Куда это подевалась Мод?
– Воздух тут замечательный, – продолжал Роланд. – Всё вокруг так хорошо просматривается.
– Потому-то я сюда и взбираюсь. Ко мне приставлена собака, но она вечно убегает. А мужу всё бы по лесу рыскать. И куда же вы направляетесь?
– Сам не знаю. Это надо спросить у моей знакомой. Я пройдусь немного с вами?
– Мне что-то не по себе. Р-руки трясутся. Будьте добры, проводите меня туда, вниз… в долину… Муж…
– Да-да, разумеется.
Подошла Мод. Плащ и сапоги её, казалось, сверкали чистотой.
– Вытащили мы кресло, – сообщил ей Роланд. – Камень мешался. Я хочу проводить эту леди вниз… Там её муж… Она перенервничала…
– Конечно, – сказал Мод.
Втроём они двинулись вниз. Роланд катил кресло перед собой. В гуще деревьев, обступивших холм, снова забелели крепостные стены, донжон – теперь у Роланда было время разглядеть их получше.
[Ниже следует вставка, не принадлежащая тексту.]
(* Let $p\in\mathbb R^3$, $\eta>0$, $T>\eta$, and let $v$ be as in the context. Then there is a function $\mathcal H(\tau;T,\eta)$, independent of $x$, such that for all $\tau>0$ and all $x\in B_{T-\eta}(p)\setminus\{p\}$, $$\frac{\tau^2}{4\pi}\int_{B_{T+\eta}(p)\setminus B_{T-\eta}(p)}\frac{e^{-\tau|x-y|}}{|x-y|}\big(\tau v(y,T)-\partial_tv(y,T)\big)\,dy=e^{-\tau(T-\eta)}\mathcal H(\tau;T,\eta)\frac{\sinh\tau|x-p|}{|x-p|},$$ and $\mathcal H(\tau;T,\eta)=\tau^{-1}\big(\eta+O(\tau^{-1})\big)$ as $\tau\to\infty$.
   Context: $B$ is the open ball of center $p\in\mathbb R^3$ and radius $\eta>0$, and $\Psi_B(x)=(\eta-|x-p|)\chi_B(x)$. For $t>0$, $$v(x,t)=\frac1{4\pi t}\int_{|y-x|=t}\Psi_B(y)\,dS_y,$$ which is the solution of $(\partial_t^2-\Delta)v=0$ in $\mathbb R^3\times(0,\infty)$ with $v(\cdot,0)=0$ and $\partial_tv(\cdot,0)=\Psi_B$. For $r>0$, $B_r(p)=\{x:|x-p|<r\}$. *)

theory Defs
  imports "HOL-Analysis.Analysis" "HOL-Library.Landau_Symbols"
begin

definition sph_dir :: "real \<Rightarrow> real \<Rightarrow> real^3" where
  "sph_dir \<theta> \<phi> = vector [sin \<theta> * cos \<phi>, sin \<theta> * sin \<phi>, cos \<theta>]"

text \<open>Surface integral of f over the sphere of centre x and radius t (t > 0),
  written out in spherical coordinates (surface element t^2 sin theta).\<close>
definition sphere_integral :: "(real^3 \<Rightarrow> real) \<Rightarrow> real^3 \<Rightarrow> real \<Rightarrow> real" where
  "sphere_integral f x t =
     integral {0..pi} (\<lambda>\<theta>. integral {0..2*pi}
        (\<lambda>\<phi>. f (x + t *\<^sub>R sph_dir \<theta> \<phi>) * t\<^sup>2 * sin \<theta>))"

definition PsiB :: "real^3 \<Rightarrow> real \<Rightarrow> real^3 \<Rightarrow> real" where
  "PsiB p \<eta> y = (if y \<in> ball p \<eta> then \<eta> - dist y p else 0)"

definition wave_v :: "real^3 \<Rightarrow> real \<Rightarrow> real^3 \<Rightarrow> real \<Rightarrow> real" where
  "wave_v p \<eta> x t = sphere_integral (PsiB p \<eta>) x t / (4 * pi * t)"

end

theory Submission
  imports Defs "HOL-Real_Asymp.Real_Asymp"
begin

text \<open>
  Everything reduces to radial integrals. Averaging the radial data over spheres gives the closed
  form \<open>v(y, t) = (\<Phi>(r + t) - \<Phi>(\<bar>r - t\<bar>)) / (2 r)\<close>, where \<open>r = \<bar>y - p\<bar>\<close> and
  \<open>\<Phi>(s) = \<integral>\<^sub>0\<^sup>s u \<Psi>(u) du\<close>. Averaging the Yukawa kernel \<open>exp(-\<tau> \<bar>x - y\<bar>) / \<bar>x - y\<bar>\<close>
  over the sphere \<open>\<bar>y - p\<bar> = \<rho>\<close>, with \<open>\<rho> > \<bar>x - p\<bar>\<close>, gives
  \<open>4\<pi> exp(-\<tau> \<rho>) sinh(\<tau> \<bar>x - p\<bar>) / (\<tau> \<rho> \<bar>x - p\<bar>)\<close>, which splits off the whole dependence on
  \<open>x\<close>. Both averages are instances of Archimedes' formula, obtained from polar coordinates and
  rotation invariance. What remains is an integral over \<open>\<rho> \<in> [T - \<eta>, T + \<eta>]\<close> of
  \<open>exp(-\<tau> \<rho>)\<close> times a piecewise cubic in \<open>\<rho> - T\<close>; its closed form shows
  \<open>\<tau> H(\<tau>) = \<eta> + O(1/\<tau>)\<close>.
\<close>

section \<open>Iterated integrals over boxes in \<open>\<real>\<^sup>3\<close>\<close>

lemma vec3_eq_vector: "(w::real^3) = vector [w$1, w$2, w$3]"
  by (simp add: vec_eq_iff forall_3 vector_3)

lemma vector3_eq_axis_sum:
  "(vector [x,y,z] :: real^3) = x *\<^sub>R axis 1 1 + y *\<^sub>R axis 2 1 + z *\<^sub>R axis 3 1"
  by (simp add: vec_eq_iff forall_3 vector_3 axis_def)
– Сил-Корт, – сказал он Мод.
– Да.
– Романтическое местечко, – заметил Роланд.
– Тёмное и сырое, – отозвалась женщина в кресле.
– Строительство, наверно, обошлось недёшево, – предположила Мод.
– Содержание тоже обходится недёшево, – сказала женщина в кресле. Сложенные на коленях руки в перчатках ещё подрагивали, но голос звучал увереннее.
– Я думаю, – подхватил Роланд.
– Старинными домами интересуетесь?
– Не то чтобы очень, – сказал Роланд. – Но этот мы бы с удовольствием осмотрели.
– Почему?
Сапог Мод пнул Роланда в щиколотку. Роланд чуть не вскрикнул от боли.
Из леса выбежал перепачканный с ног до головы лабрадор.
– А, Мач, вот ты где, – окликнула его женщина. – Негодная ты псина, негодная. Где хозяин-то? Барсуков высматривает?
Пёс улёгся русым брюхом в грязь и завилял хвостом.
– Как вас зовут? – спросила женщина в кресле. Мод поспешно ответила:
– Это доктор Митчелл. Из Лондонского университета. А я преподаю в Линкольнском университете. Моя фамилия Бейли. Мод Бейли.
– Я тоже Бейли. Джоан Бейли. Живу в Сил-Корте. Мы с вами, случайно, не родственницы?
– Я из норфолкских Бейли. Наши предки действительно состояли в родстве. Отдалённом. Отношения у наших семей были натянутые…
Ответы Мод звучали холодно, сдержанно.
– Как интересно. А вот и Джордж. Джордж, голубчик, у меня целое приключение, меня спас рыцарь. Я застряла на Орлиной вершине: камень угодил под колесо, и ни туда ни сюда, разве что под откос. Обидно, хоть плачь. А тут мистер Митчелл и эта девушка. Её фамилия Бейли.
– Говорил я тебе, не сворачивай.
Сэр Джордж – маленький, ершистый – был одет в коричневую охотничью куртку со множеством карманов, коричневую же твидовую кепку, бриджи, на ногах – кожаные сапоги на шнуровке. Ружья при нём не было. Плечи куртки промокли, выпуклые голенища вроде наголенников рыцарских доспехов тоже блестели от сырости, капли воды дрожали на шерстистых, в рубчик, краях носков, видневшихся из-за голенищ. Речь его напоминала отрывистый лай. При виде его в душе Роланда шевельнулась глухая сословная неприязнь: на всём облике сэра Джорджа лежал отпечаток его касты, доведённый до карикатурности. В понятии Роланда и Вэл такие люди, хоть и не перевелись окончательно, были всё же какими-то ненастоящими. Мод тоже увидела в сэре Джордже нечто знакомое, но для неё он воплощал всяческие запреты и скуку, которыми в детстве сопровождались бесчисленные воскресные вылазки за город с их пешими прогулками, охотой и разговорами об охоте. Вылазки, от которых она всегда старалась отговориться или увильнуть. Сэр Джордж оглядел жену.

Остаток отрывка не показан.